#### [What to produce]
Among the entries that follow, find the lines containing the string "tensor" and copy them.

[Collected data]
%%

lemma skew_subset_span_wedge_e:
  assumes "inj (f :: 'n::finite \<Rightarrow> nat)"
  shows "{A::real^'n^'n. skew A} \<subseteq> span ((\<lambda>(a, b). wedge (e a) (e b)) ` {(a, b). f a < f b})"
    (is "_ \<subseteq> span ?W")
proof -
  have "wedge (e a) (e b) \<in> span ?W" for a b
  proof -
    consider "f a < f b" | "a = b" | "f b < f a"
      using assms by (metis injD linorder_neqE_nat)
    then show ?thesis
    proof cases
      case 1
      then show ?thesis by (intro span_base) auto
    next
      case 2
      then have "wedge (e a) (e b) = 0" by (simp add: wedge_def vec_eq_iff)
      then show ?thesis by (simp add: span_zero)
    next
      case 3
      then have "wedge (e b) (e a) \<in> span ?W" by (intro span_base) auto
      moreover have "wedge (e a) (e b) = - wedge (e b) (e a)" by (simp add: wedge_def vec_eq_iff)
      ultimately show ?thesis by (simp add: span_neg)
    qed
  qed
  moreover have "A = (\<Sum>a\<in>UNIV. \<Sum>b\<in>UNIV. (- A $ a $ b / 2) *\<^sub>R wedge (e a) (e b))" if "skew A" for A
    using that by (rule skew_wedge_expansion)
  ultimately show ?thesis by (metis (no_types, lifting) mem_Collect_eq span_mul span_sum subsetI)
qed

lemma dim_skew: "dim {A::real^'n::finite^'n. skew A} \<le> CARD('n) choose 2"
proof -
  obtain f :: "'n \<Rightarrow> nat" where "inj f"
    using finite_imp_inj_to_nat_seg[of "UNIV::'n set"] by auto
  define P where "P = {(a, b). f a < f b}"
  have "dim {A::real^'n^'n. skew A} \<le> card ((\<lambda>(a, b). wedge (e a) (e b)) ` P)"
    unfolding P_def by (rule dim_le_card[OF skew_subset_span_wedge_e[OF \<open>inj f\<close>]]) simp
  also have "\<dots> \<le> card P" by (rule card_image_le) simp
  also have "\<dots> \<le> card {B. B \<subseteq> (UNIV::'n set) \<and> card B = 2}"
  proof (rule card_inj_on_le)
    show "inj_on (\<lambda>(a, b). {a, b}) P"
      unfolding P_def by (auto intro!: inj_onI simp: doubleton_eq_iff)
    show "(\<lambda>(a, b). {a, b}) ` P \<subseteq> {B. B \<subseteq> UNIV \<and> card B = 2}"
      unfolding P_def by (auto simp: card_2_iff)
  qed simp
  also have "\<dots> = CARD('n) choose 2" using n_subsets[of "UNIV::'n set" 2] by simp
  finally show ?thesis .
qed

lemma skew_subset_span_orthonormal:
  fixes \<Xi> :: "nat \<Rightarrow> real^'n::finite^'n"
  assumes \<Xi>_skew: "\<And>\<alpha>. \<alpha> \<in> {1..N} \<Longrightarrow> skew (\<Xi> \<alpha>)"
    and \<Xi>_orthonormal: "\<And>\<alpha> \<beta>. \<alpha> \<in> {1..N} \<Longrightarrow> \<beta> \<in> {1..N} \<Longrightarrow>
                       lam_inner (\<Xi> \<alpha>) (\<Xi> \<beta>) = (if \<alpha> = \<beta> then 1 else 0)"
    and N: "CARD('n) choose 2 \<le> N"
  shows "{A. skew A} \<subseteq> span (\<Xi> ` {1..N})"
proof -
  have "\<Xi> ` {1..N} \<subseteq> {A. skew A}" using \<Xi>_skew by auto
  moreover have "independent (\<Xi> ` {1..N})"
  proof (rule pairwise_orthogonal_independent)
    have "\<Xi> \<alpha> \<bullet> \<Xi> \<beta> = 0" if "\<alpha> \<in> {1..N}" "\<beta> \<in> {1..N}" "\<alpha> \<noteq> \<beta>" for \<alpha> \<beta>
      using \<Xi>_orthonormal[OF that(1,2)] that(3) by (simp add: lam_inner_eq_inner)
    then show "pairwise orthogonal (\<Xi> ` {1..N})"
      unfolding pairwise_def orthogonal_def by blast
    show "0 \<notin> \<Xi> ` {1..N}"
      using \<Xi>_orthonormal by (force simp: lam_inner_eq_inner)
  qed
  moreover have "inj_on \<Xi> {1..N}"
    by (rule inj_onI) (metis \<Xi>_orthonormal one_neq_zero)
  then have "dim {A::real^'n^'n. skew A} \<le> card (\<Xi> ` {1..N})"
    using order_trans[OF dim_skew N] by (simp add: card_image)
  ultimately show ?thesis by (rule card_ge_dim_independent)
qed

lemma skew_orthonormal_expansion:
  fixes \<Xi> :: "nat \<Rightarrow> real^'n::finite^'n"
  assumes \<Xi>_skew: "\<And>\<alpha>. \<alpha> \<in> {1..N} \<Longrightarrow> skew (\<Xi> \<alpha>)"
    and \<Xi>_orthonormal: "\<And>\<alpha> \<beta>. \<alpha> \<in> {1..N} \<Longrightarrow> \<beta> \<in> {1..N} \<Longrightarrow>
                       lam_inner (\<Xi> \<alpha>) (\<Xi> \<beta>) = (if \<alpha> = \<beta> then 1 else 0)"
    and N: "CARD('n) choose 2 \<le> N" and "skew H"
  shows "H = (\<Sum>\<alpha>=1..N. lam_inner (\<Xi> \<alpha>) H *\<^sub>R \<Xi> \<alpha>)"
proof -
  define r where "r = H - (\<Sum>\<alpha>=1..N. lam_inner (\<Xi> \<alpha>) H *\<^sub>R \<Xi> \<alpha>)"
  have "H \<in> span (\<Xi> ` {1..N})"
    using skew_subset_span_orthonormal[OF \<Xi>_skew \<Xi>_orthonormal N] \<open>skew H\<close> by blast
  then have "r \<in> span (\<Xi> ` {1..N})" unfolding r_def
    by (rule span_diff) (intro span_sum span_mul span_base; simp)
  moreover have r_orthogonal: "orthogonal r (\<Xi> \<beta>)" if "\<beta> \<in> {1..N}" for \<beta>
  proof -
    have "lam_inner (\<Xi> \<beta>) r
        = lam_inner (\<Xi> \<beta>) H - (\<Sum>\<alpha>=1..N. lam_inner (\<Xi> \<alpha>) H * lam_inner (\<Xi> \<beta>) (\<Xi> \<alpha>))"
      by (simp add: r_def lam_inner_eq_inner inner_diff_right inner_sum_right sum_divide_distrib
          diff_divide_distrib)
    also have "\<dots> = lam_inner (\<Xi> \<beta>) H - (\<Sum>\<alpha>=1..N. if \<alpha> = \<beta> then lam_inner (\<Xi> \<alpha>) H else 0)"
      using \<Xi>_orthonormal that by (intro arg_cong2[where f=minus] refl sum.cong) auto
    also have "\<dots> = 0" using that by simp
    finally show ?thesis by (simp add: orthogonal_def lam_inner_eq_inner inner_commute)
  qed
  ultimately have "orthogonal r r"
    by (intro orthogonal_to_span[of r "\<Xi> ` {1..N}"]) (auto simp: r_orthogonal)
  then show ?thesis by (simp add: r_def orthogonal_def)
qed

definition curv_eigenbasis ::
  "(real^'n::finite^'n \<Rightarrow> real^'n^'n) \<Rightarrow> (nat \<Rightarrow> real) \<Rightarrow> (nat \<Rightarrow> real^'n^'n) \<Rightarrow> bool" where
  "curv_eigenbasis R lam \<Xi> \<longleftrightarrow>
     (\<forall>\<alpha>\<in>{1..CARD('n) choose 2}. skew (\<Xi> \<alpha>) \<and> R (\<Xi> \<alpha>) = lam \<alpha> *\<^sub>R \<Xi> \<alpha>) \<and>
     (\<forall>\<alpha>\<in>{1..CARD('n) choose 2}. \<forall>\<beta>\<in>{1..CARD('n) choose 2}.
        lam_inner (\<Xi> \<alpha>) (\<Xi> \<beta>) = (if \<alpha> = \<beta> then 1 else 0))"

lemma curv_eigenvalues_iff:
  "curv_eigenvalues R lam \<longleftrightarrow>
     (\<forall>i j. 1 \<le> i \<longrightarrow> i \<le> j \<longrightarrow> j \<le> CARD('n) choose 2 \<longrightarrow> lam i \<le> lam j) \<and>
     (\<exists>\<Xi>. curv_eigenbasis R lam (\<Xi> :: nat \<Rightarrow> real^'n::finite^'n))"
  by (simp add: curv_eigenvalues_def curv_eigenbasis_def Let_def)

lemma curv_eigenbasis_expansion:
  fixes R :: "real^'n::finite^'n \<Rightarrow> real^'n^'n"
  assumes "curv_eigenbasis R lam \<Xi>" "skew H"
  shows "H = (\<Sum>\<alpha>=1..CARD('n) choose 2. lam_inner (\<Xi> \<alpha>) H *\<^sub>R \<Xi> \<alpha>)"
  using assms by (intro skew_orthonormal_expansion) (auto simp: curv_eigenbasis_def)

lemma curv_eigenbasis_parseval:
  fixes R :: "real^'n::finite^'n \<Rightarrow> real^'n^'n"
  assumes "curv_eigenbasis R lam \<Xi>" "skew H"
  shows "lam_inner H H = (\<Sum>\<alpha>=1..CARD('n) choose 2. (lam_inner (\<Xi> \<alpha>) H)\<^sup>2)"
proof -
  have "lam_inner H H = lam_inner (\<Sum>\<alpha>=1..CARD('n) choose 2. lam_inner (\<Xi> \<alpha>) H *\<^sub>R \<Xi> \<alpha>) H"
    using curv_eigenbasis_expansion[OF assms] by simp
  then show ?thesis
    by (simp add: lam_inner_eq_inner inner_sum_left sum_divide_distrib power2_eq_square)
qed

lemma curv_eigenbasis_quadratic_form:
  fixes R :: "real^'n::finite^'n \<Rightarrow> real^'n^'n"
  assumes R: "alg_curv_op R" and \<Xi>: "curv_eigenbasis R lam \<Xi>" and "skew H"
  shows "lam_inner (R H) H = (\<Sum>\<alpha>=1..CARD('n) choose 2. lam \<alpha> * (lam_inner (\<Xi> \<alpha>) H)\<^sup>2)"
proof -
  let ?N = "CARD('n) choose 2"
  have "R H = R (\<Sum>\<alpha>=1..?N. lam_inner (\<Xi> \<alpha>) H *\<^sub>R \<Xi> \<alpha>)"
    using curv_eigenbasis_expansion[OF \<Xi> \<open>skew H\<close>] by simp
  also have "\<dots> = (\<Sum>\<alpha>=1..?N. lam_inner (\<Xi> \<alpha>) H *\<^sub>R R (\<Xi> \<alpha>))"
    using \<Xi> by (intro alg_curv_op_sum[OF R]) (auto simp: curv_eigenbasis_def)
  also have "\<dots> = (\<Sum>\<alpha>=1..?N. (lam \<alpha> * lam_inner (\<Xi> \<alpha>) H) *\<^sub>R \<Xi> \<alpha>)"
    using \<Xi> by (intro sum.cong refl) (simp add: curv_eigenbasis_def)
  finally show ?thesis
    by (simp add: lam_inner_eq_inner inner_sum_left sum_divide_distrib power2_eq_square mult_ac)
qed

lemma hat_norm2_eq_sum_eigenbasis:
  fixes R :: "real^'n::finite^'n \<Rightarrow> real^'n^'n"
  assumes "curv_eigenbasis R lam \<Xi>" "tensor k T"
  shows "hat_norm2 k T = (\<Sum>\<alpha>=1..CARD('n) choose 2. tnorm2 k (act (\<Xi> \<alpha>) T))"
proof -
  have "hat_norm2 k T = (\<Sum>is | length is = k. \<Sum>\<alpha>=1..CARD('n) choose 2. (act (\<Xi> \<alpha>) T (map e is))\<^sup>2)"
    using assms by (auto simp: hat_norm2_def curv_eigenbasis_parseval skew_hat
        act_eq_lam_inner_hat curv_eigenbasis_def intro!: sum.cong)
  also have "\<dots> = (\<Sum>\<alpha>=1..CARD('n) choose 2. \<Sum>is | length is = k. (act (\<Xi> \<alpha>) T (map e is))\<^sup>2)"
    by (rule sum.swap)
  finally show ?thesis by (simp add: tnorm2_def)
qed

lemma curv_pairing_eq_sum_eigenbasis:
  fixes R :: "real^'n::finite^'n \<Rightarrow> real^'n^'n"
  assumes "alg_curv_op R" "curv_eigenbasis R lam \<Xi>" "tensor k T"
  shows "curv_pairing R k T
    = (\<Sum>\<alpha>=1..CARD('n) choose 2. lam \<alpha> * tnorm2 k (act (\<Xi> \<alpha>) T))"
proof -
  have "curv_pairing R k T
      = (\<Sum>is | length is = k. \<Sum>\<alpha>=1..CARD('n) choose 2. lam \<alpha> * (act (\<Xi> \<alpha>) T (map e is))\<^sup>2)"
    using assms by (auto simp: curv_pairing_def curv_eigenbasis_quadratic_form skew_hat
        act_eq_lam_inner_hat curv_eigenbasis_def intro!: sum.cong)
  also have "\<dots> = (\<Sum>\<alpha>=1..CARD('n) choose 2. \<Sum>is | length is = k. lam \<alpha> * (act (\<Xi> \<alpha>) T (map e is))\<^sup>2)"
    by (rule sum.swap)
  finally show ?thesis by (simp add: tnorm2_def sum_distrib_left)
qed

text \<open>Compare every \<open>lam \<alpha>\<close> with \<open>\<mu> = lam m\<close>: the indices \<open>\<alpha> \<le> m\<close> have
  \<open>lam \<alpha> \<le> \<mu>\<close> and weight at most \<open>W / C\<close>, the others have \<open>lam \<alpha> \<ge> \<mu>\<close>.\<close>

lemma sum_weighted_ge_mean_of_smallest:
  fixes lam w :: "nat \<Rightarrow> real"
  assumes mono: "\<And>i j. 1 \<le> i \<Longrightarrow> i \<le> j \<Longrightarrow> j \<le> N \<Longrightarrow> lam i \<le> lam j"
    and w_nonneg: "\<And>\<alpha>. \<alpha> \<in> {1..N} \<Longrightarrow> 0 \<le> w \<alpha>"
    and w_le: "\<And>\<alpha>. \<alpha> \<in> {1..N} \<Longrightarrow> w \<alpha> \<le> W / C"
    and W: "W = (\<Sum>\<alpha>=1..N. w \<alpha>)"
    and m: "1 \<le> m" "m \<le> N" "real m \<le> C"
  shows "W * (\<Sum>i=1..m. lam i) / m \<le> (\<Sum>\<alpha>=1..N. lam \<alpha> * w \<alpha>)"
proof -
  define \<mu> where "\<mu> = lam m"
  define S where "S = (\<Sum>i=1..m. lam i)"
  have "(\<Sum>\<alpha>=1..N. lam \<alpha> * w \<alpha>) - \<mu> * W = (\<Sum>\<alpha>=1..N. (lam \<alpha> - \<mu>) * w \<alpha>)"
    by (simp add: W sum_distrib_left sum_subtractf left_diff_distrib)
  also have "\<dots> = (\<Sum>\<alpha>=1..m. (lam \<alpha> - \<mu>) * w \<alpha>) + (\<Sum>\<alpha>=m+1..N. (lam \<alpha> - \<mu>) * w \<alpha>)"
    using sum.ub_add_nat[of 1 m _ "N - m"] m by simp
  also have "(\<Sum>\<alpha>=m+1..N. (lam \<alpha> - \<mu>) * w \<alpha>) \<ge> 0"
    using mono m w_nonneg by (intro sum_nonneg mult_nonneg_nonneg) (auto simp: \<mu>_def)
  moreover have "(\<Sum>\<alpha>=1..m. (lam \<alpha> - \<mu>) * w \<alpha>) \<ge> (\<Sum>\<alpha>=1..m. (lam \<alpha> - \<mu>) * (W / C))"
    using mono m w_le by (intro sum_mono mult_left_mono_neg) (auto simp: \<mu>_def)
  moreover have "(\<Sum>\<alpha>=1..m. (lam \<alpha> - \<mu>) * (W / C)) = (S - m * \<mu>) * (W / C)"
    by (simp only: S_def flip: sum_distrib_right) (simp add: sum_subtractf)
  ultimately have "(\<Sum>\<alpha>=1..N. lam \<alpha> * w \<alpha>) \<ge> \<mu> * W + (S - m * \<mu>) * (W / C)"
    by linarith
  moreover have "\<mu> * W + (S - m * \<mu>) * (W / C) - W * S / m = W * (m * \<mu> - S) * (C - m) / (m * C)"
    using m by (simp add: field_simps)
  moreover have "0 \<le> W * (m * \<mu> - S) * (C - m) / (m * C)"
  proof -
    have "W \<ge> 0" unfolding W using w_nonneg by (intro sum_nonneg) auto
    moreover have "S \<le> m * \<mu>"
      using sum_mono[of "{1..m}" lam "\<lambda>_. \<mu>"] mono m by (simp add: S_def \<mu>_def)
    ultimately show ?thesis using m by simp
  qed
  ultimately show ?thesis by (simp add: S_def)
qed

lemma sum_weighted_ge_mean_of_smallest':
  fixes lam w :: "nat \<Rightarrow> real"
  assumes mono: "\<And>i j. 1 \<le> i \<Longrightarrow> i \<le> j \<Longrightarrow> j \<le> N \<Longrightarrow> lam i \<le> lam j"
    and w_nonneg: "\<And>\<alpha>. \<alpha> \<in> {1..N} \<Longrightarrow> 0 \<le> w \<alpha>"
    and w_le: "\<And>\<alpha>. \<alpha> \<in> {1..N} \<Longrightarrow> w \<alpha> \<le> W / C"
    and W: "W = (\<Sum>\<alpha>=1..N. w \<alpha>)"
    and m: "1 \<le> m" "real m \<le> C"
  shows "W * (\<Sum>i=1..m. lam i) / m \<le> (\<Sum>\<alpha>=1..N. lam \<alpha> * w \<alpha>)"
proof (cases "W = 0")
  case True
  then have "w \<alpha> = 0" if "\<alpha> \<in> {1..N}" for \<alpha>
    using w_nonneg[OF that] w_le[OF that] by simp
  then show ?thesis using True by simp
next
  case False
  have "W \<ge> 0" unfolding W using w_nonneg by (intro sum_nonneg) auto
  with False have "W > 0" by simp
  have "W \<le> (\<Sum>\<alpha>=1..N. W / C)"
    unfolding W using w_le by (intro sum_mono) (simp add: W)
  then have "W * C \<le> W * N"
    using m by (simp add: field_simps)
  then have "C \<le> N" using \<open>W > 0\<close> by simp
  then have "m \<le> N" using m by linarith
  then show ?thesis
    using sum_weighted_ge_mean_of_smallest[of N lam w W C m] mono w_nonneg w_le W m by blast
qed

%%

#### [Response for this exercise]
  assumes "curv_eigenbasis R lam \<Xi>" "tensor k T"
  assumes "alg_curv_op R" "curv_eigenbasis R lam \<Xi>" "tensor k T"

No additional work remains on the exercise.